August 11, 2005

Missouri Farm and Real Estate Values Jump Up 10 Percent

(Columbia, MO) - Missouri farm and real estate values, including all land and buildings, increased 10.1 percent to $1,740 per acre as of January 1, 2005, compared with $1,580 per acre on January 1, 2004.
Non-irrigated cropland values increased 12.1 percent to $1,850 per acre and irrigated cropland values increased 9.8 percent to $2,470 leading to an all cropland value of $1,890. Pasture value increased from the previous year’s mark of $1,130 to $1,260 per acre.
Non-irrigated cropland cash rent increased 3.9 percent to $79 per acre compared with $76 per acre last year. Pasture cash rent was rated at $27 per acre, a 3.8 percent increase from the previous year.
National farm real estate values, a measurement of the value of all land and buildings on farms, averaged $1,510 per acre on January 1, 2005, up 11.0 percent from 2004. This is the largest percentage increase since 1981, when farm real estate values rose 11.1 percent from the previous year.
The $150 per acre increase is the largest dollar increase on record. The previous record was 1980, when values climbed $109 per acre above the 1979 value.

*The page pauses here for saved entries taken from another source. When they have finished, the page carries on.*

lemma continuous_on_if_coordinates_finitely_determined:
  fixes G :: "('a \<Rightarrow> 'b::discrete_topology) \<Rightarrow> 'c \<Rightarrow> 'd::topological_space"
  assumes "\<And>n. \<exists>F. finite F \<and> (\<forall>x y. (\<forall>a\<in>F. y a = x a) \<longrightarrow> G y n = G x n)"
  shows "continuous_on S G"
proof (rule continuous_on_coordinatewise_then_product)
  fix n
  obtain F where F: "finite F" "\<And>x y. \<forall>a\<in>F. y a = x a \<Longrightarrow> G y n = G x n"
    using assms by blast
  show "continuous_on S (\<lambda>x. G x n)"
    unfolding continuous_on_topological
  proof clarify
    fix x B assume "open B" "G x n \<in> B"
    have "G y n \<in> B" if "y \<in> cylinder x F" for y
      using F(2)[of x y] that \<open>G x n \<in> B\<close> by (simp add: cylinder_def)
    moreover have "x \<in> cylinder x F"
      by (simp add: cylinder_def)
    ultimately show "\<exists>A. open A \<and> x \<in> A \<and> (\<forall>y\<in>S. y \<in> A \<longrightarrow> G y n \<in> B)"
      using open_cylinder[OF F(1)] by blast
  qed
qed

lemma continuous_on_closure_attains_coordinate:
  fixes \<Gamma> :: "'a::topological_space \<Rightarrow> 'i \<Rightarrow> 'd::discrete_topology"
  assumes "continuous_on L \<Gamma>" "x \<in> L" "x \<in> closure C" "C \<subseteq> L"
  shows "\<exists>y\<in>C. \<Gamma> y i = \<Gamma> x i"
proof -
  have "continuous_on L (\<lambda>y. \<Gamma> y i)"
    using assms(1) by (rule continuous_on_product_then_coordinatewise)
  then obtain U where U: "open U" "U \<inter> L = (\<lambda>y. \<Gamma> y i) -` {\<Gamma> x i} \<inter> L"
    using open_discrete[of "{\<Gamma> x i}"] unfolding continuous_on_open_invariant by blast
  then have "x \<in> U"
    using assms(2) by blast
  then have "U \<inter> C \<noteq> {}"
    using open_Int_closure_eq_empty[OF U(1)] assms(3) by blast
  then show ?thesis
    using U(2) assms(4) by blast
qed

Cropland and pasture values rose by 11.3 and 9.5 percent, respectively, from January 1, 2004. Cropland values averaged $1,970 per acre and pasture values averaged $694 per acre on January 1, 2005, compared with $1,770 and $634 per acre, respectively, a year earlier. The value of other land and buildings increased 11.9 percent.
The increase in farm real estate values was driven by a combination of factors, including low interest rates, high commodity production and prices, and strong demand for nonagricultural land uses. Nationally, survey data indicated that agricultural land with potential for immediate development (expected land use if sold) was valued at more than $6,050 per acre. The survey also indicated that agricultural land with potential for future development was valued at nearly $5,400 per acre, about $1,400 higher than the 2004 indication. Demand for farm real estate as an investment continued to be strong.
Regional increases in the average value of farm real estate ranged from 8.2 percent in the Delta and Southern Plains regions to 13.2 percent in the Northeast and Southeast Regions. The highest farm real estate values were in the Northeast region, where urban influences have pushed the average value to $4,020 per acre. In the Corn Belt region farm real estate values rose 10.9 percent, to $2,550 per acre. The Mountain region, with its expanse of pasture and rangeland, had the lowest farm real estate value, at $599 per acre.
Cropland values in the Southeast region, at $2,960, had the highest average increase in cropland value, up $500 per acre. In the Corn Belt region cropland values rose 12.2 percent, to $2,750 per acre and the Lake States increased 9.4 percent, to $2,220 per acre. Together, the Corn Belt and Lake States regions account for nearly one-third of the U.S. total cropland acres.
Pasture values in the Northeast and Appalachian regions had the highest average increase in pasture value, up $300 per acre. In the Northern Plains, Southern Plains, Mountain, and Pacific regions (17 western states) pasture values per acre respectively increased 16.5 percent, 11.4 percent, 14.6 percent, and 9.8 percent. Together, the 17 western states account for about 87 percent of the total pasture acres on farms in the 48 States.